When you reach the line containing "For Gaussian processes" in the entries below, begin reproducing lines exactly, and stop once the line containing "of (f x, f y)" is done.

*Records for the task*:
########

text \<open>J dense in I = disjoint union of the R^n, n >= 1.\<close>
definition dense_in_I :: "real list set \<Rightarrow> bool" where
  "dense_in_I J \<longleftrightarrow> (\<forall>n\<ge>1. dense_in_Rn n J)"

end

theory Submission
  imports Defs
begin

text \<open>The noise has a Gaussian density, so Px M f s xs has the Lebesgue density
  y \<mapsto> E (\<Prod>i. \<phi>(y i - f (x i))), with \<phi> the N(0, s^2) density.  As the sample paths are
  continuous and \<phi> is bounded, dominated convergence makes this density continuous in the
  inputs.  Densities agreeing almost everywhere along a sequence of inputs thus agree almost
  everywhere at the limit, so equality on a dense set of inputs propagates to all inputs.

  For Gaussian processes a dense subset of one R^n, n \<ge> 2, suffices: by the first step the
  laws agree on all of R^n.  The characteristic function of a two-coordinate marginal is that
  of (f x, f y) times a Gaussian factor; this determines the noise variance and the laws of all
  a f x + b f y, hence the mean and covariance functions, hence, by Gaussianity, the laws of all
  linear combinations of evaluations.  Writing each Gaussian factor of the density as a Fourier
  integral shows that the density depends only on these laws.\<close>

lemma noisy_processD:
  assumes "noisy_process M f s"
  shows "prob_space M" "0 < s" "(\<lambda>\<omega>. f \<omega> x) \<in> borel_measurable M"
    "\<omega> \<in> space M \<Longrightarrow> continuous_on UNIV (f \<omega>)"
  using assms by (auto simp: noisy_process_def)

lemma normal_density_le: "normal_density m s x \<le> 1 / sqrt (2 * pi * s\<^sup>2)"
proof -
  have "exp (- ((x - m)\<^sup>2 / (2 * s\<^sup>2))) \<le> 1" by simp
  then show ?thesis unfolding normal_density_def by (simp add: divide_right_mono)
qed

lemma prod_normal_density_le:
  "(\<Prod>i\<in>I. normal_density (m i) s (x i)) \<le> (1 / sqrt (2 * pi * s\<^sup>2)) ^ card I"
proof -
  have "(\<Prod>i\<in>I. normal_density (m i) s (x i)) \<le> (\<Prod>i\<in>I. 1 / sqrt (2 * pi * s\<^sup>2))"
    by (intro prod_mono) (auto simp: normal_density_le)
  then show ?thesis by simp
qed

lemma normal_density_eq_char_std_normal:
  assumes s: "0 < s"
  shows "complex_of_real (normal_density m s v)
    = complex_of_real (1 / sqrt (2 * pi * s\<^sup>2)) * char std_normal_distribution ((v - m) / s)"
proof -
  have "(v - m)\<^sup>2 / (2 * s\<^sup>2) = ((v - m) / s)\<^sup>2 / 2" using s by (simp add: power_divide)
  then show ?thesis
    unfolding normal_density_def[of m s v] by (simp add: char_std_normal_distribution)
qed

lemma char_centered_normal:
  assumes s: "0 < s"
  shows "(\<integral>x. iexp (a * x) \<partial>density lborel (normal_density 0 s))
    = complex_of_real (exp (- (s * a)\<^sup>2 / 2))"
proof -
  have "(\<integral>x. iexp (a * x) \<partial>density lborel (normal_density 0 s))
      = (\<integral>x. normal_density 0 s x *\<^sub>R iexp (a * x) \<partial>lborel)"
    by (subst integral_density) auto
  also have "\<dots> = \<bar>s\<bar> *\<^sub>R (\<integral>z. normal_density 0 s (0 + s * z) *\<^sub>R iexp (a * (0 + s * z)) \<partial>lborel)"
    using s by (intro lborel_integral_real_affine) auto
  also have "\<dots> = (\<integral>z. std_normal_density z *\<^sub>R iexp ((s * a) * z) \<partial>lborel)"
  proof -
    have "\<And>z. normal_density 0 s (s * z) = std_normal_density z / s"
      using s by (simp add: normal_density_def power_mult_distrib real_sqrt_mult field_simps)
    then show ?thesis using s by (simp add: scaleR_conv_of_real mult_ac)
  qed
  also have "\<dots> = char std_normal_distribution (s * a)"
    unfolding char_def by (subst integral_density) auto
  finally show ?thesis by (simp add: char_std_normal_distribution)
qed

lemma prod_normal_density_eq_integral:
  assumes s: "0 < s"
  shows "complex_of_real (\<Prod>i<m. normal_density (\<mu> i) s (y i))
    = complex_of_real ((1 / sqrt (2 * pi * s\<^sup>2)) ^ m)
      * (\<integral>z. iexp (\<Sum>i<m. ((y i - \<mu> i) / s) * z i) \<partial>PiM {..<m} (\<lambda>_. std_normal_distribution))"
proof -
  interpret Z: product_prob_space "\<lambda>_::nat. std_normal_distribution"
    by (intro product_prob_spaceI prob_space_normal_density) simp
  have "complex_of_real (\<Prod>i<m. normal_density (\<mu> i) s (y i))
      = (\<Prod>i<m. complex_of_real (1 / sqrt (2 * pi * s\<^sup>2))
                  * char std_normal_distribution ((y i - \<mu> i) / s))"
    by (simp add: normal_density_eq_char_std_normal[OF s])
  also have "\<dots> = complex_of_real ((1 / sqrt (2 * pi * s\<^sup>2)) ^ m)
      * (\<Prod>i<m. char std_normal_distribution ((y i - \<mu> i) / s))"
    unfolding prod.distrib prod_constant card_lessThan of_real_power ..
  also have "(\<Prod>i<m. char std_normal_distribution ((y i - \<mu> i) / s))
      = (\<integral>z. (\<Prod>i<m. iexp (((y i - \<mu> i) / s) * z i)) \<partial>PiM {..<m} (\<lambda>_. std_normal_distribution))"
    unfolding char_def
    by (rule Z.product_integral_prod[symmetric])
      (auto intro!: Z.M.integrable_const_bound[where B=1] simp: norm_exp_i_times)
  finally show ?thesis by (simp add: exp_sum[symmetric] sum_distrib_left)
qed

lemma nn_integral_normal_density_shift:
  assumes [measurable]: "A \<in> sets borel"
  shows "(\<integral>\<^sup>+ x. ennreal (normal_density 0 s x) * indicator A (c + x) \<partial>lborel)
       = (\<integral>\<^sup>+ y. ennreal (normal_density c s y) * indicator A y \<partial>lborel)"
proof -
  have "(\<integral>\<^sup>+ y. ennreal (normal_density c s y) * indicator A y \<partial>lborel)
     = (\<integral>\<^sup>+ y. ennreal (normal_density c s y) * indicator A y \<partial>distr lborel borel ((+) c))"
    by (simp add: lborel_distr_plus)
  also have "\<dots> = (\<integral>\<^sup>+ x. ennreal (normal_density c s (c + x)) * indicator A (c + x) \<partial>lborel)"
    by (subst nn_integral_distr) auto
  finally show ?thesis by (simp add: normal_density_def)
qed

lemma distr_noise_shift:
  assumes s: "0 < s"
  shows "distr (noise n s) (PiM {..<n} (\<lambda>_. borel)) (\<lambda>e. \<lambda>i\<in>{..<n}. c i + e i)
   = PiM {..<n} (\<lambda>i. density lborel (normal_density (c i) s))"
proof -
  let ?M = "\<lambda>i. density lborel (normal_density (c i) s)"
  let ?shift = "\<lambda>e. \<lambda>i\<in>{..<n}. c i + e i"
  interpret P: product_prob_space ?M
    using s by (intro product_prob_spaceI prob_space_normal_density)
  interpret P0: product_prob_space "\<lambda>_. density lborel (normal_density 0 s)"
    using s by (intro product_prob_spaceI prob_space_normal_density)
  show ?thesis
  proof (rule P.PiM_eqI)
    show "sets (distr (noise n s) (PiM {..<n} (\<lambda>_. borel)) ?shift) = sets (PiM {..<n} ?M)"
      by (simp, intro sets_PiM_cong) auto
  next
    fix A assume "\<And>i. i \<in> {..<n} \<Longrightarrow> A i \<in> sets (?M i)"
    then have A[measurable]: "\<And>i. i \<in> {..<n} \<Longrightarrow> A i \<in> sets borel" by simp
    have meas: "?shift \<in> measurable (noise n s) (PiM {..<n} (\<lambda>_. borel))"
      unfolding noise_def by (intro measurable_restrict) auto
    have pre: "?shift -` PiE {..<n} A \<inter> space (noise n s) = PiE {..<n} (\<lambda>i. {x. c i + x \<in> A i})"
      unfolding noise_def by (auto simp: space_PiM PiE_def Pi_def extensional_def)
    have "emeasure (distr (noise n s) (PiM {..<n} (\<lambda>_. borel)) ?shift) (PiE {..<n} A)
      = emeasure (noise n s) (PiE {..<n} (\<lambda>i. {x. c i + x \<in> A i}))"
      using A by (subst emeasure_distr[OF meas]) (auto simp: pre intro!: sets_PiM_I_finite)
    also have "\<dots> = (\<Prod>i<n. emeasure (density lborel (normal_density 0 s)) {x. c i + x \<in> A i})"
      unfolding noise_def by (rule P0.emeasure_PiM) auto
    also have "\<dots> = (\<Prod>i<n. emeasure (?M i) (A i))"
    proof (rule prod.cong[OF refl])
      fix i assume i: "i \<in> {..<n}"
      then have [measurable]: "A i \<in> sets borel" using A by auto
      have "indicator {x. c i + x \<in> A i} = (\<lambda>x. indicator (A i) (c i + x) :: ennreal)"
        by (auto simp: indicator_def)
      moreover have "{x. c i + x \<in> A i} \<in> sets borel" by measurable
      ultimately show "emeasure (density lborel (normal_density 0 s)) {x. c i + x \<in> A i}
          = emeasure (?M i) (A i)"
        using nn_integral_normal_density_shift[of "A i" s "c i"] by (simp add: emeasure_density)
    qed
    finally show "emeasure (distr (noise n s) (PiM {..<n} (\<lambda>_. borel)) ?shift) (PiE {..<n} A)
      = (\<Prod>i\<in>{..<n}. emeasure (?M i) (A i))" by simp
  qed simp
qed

########

*Response below*:
  For Gaussian processes a dense subset of one R^n, n \<ge> 2, suffices: by the first step the
  laws agree on all of R^n.  The characteristic function of a two-coordinate marginal is that
  of (f x, f y) times a Gaussian factor; this determines the noise variance and the laws of all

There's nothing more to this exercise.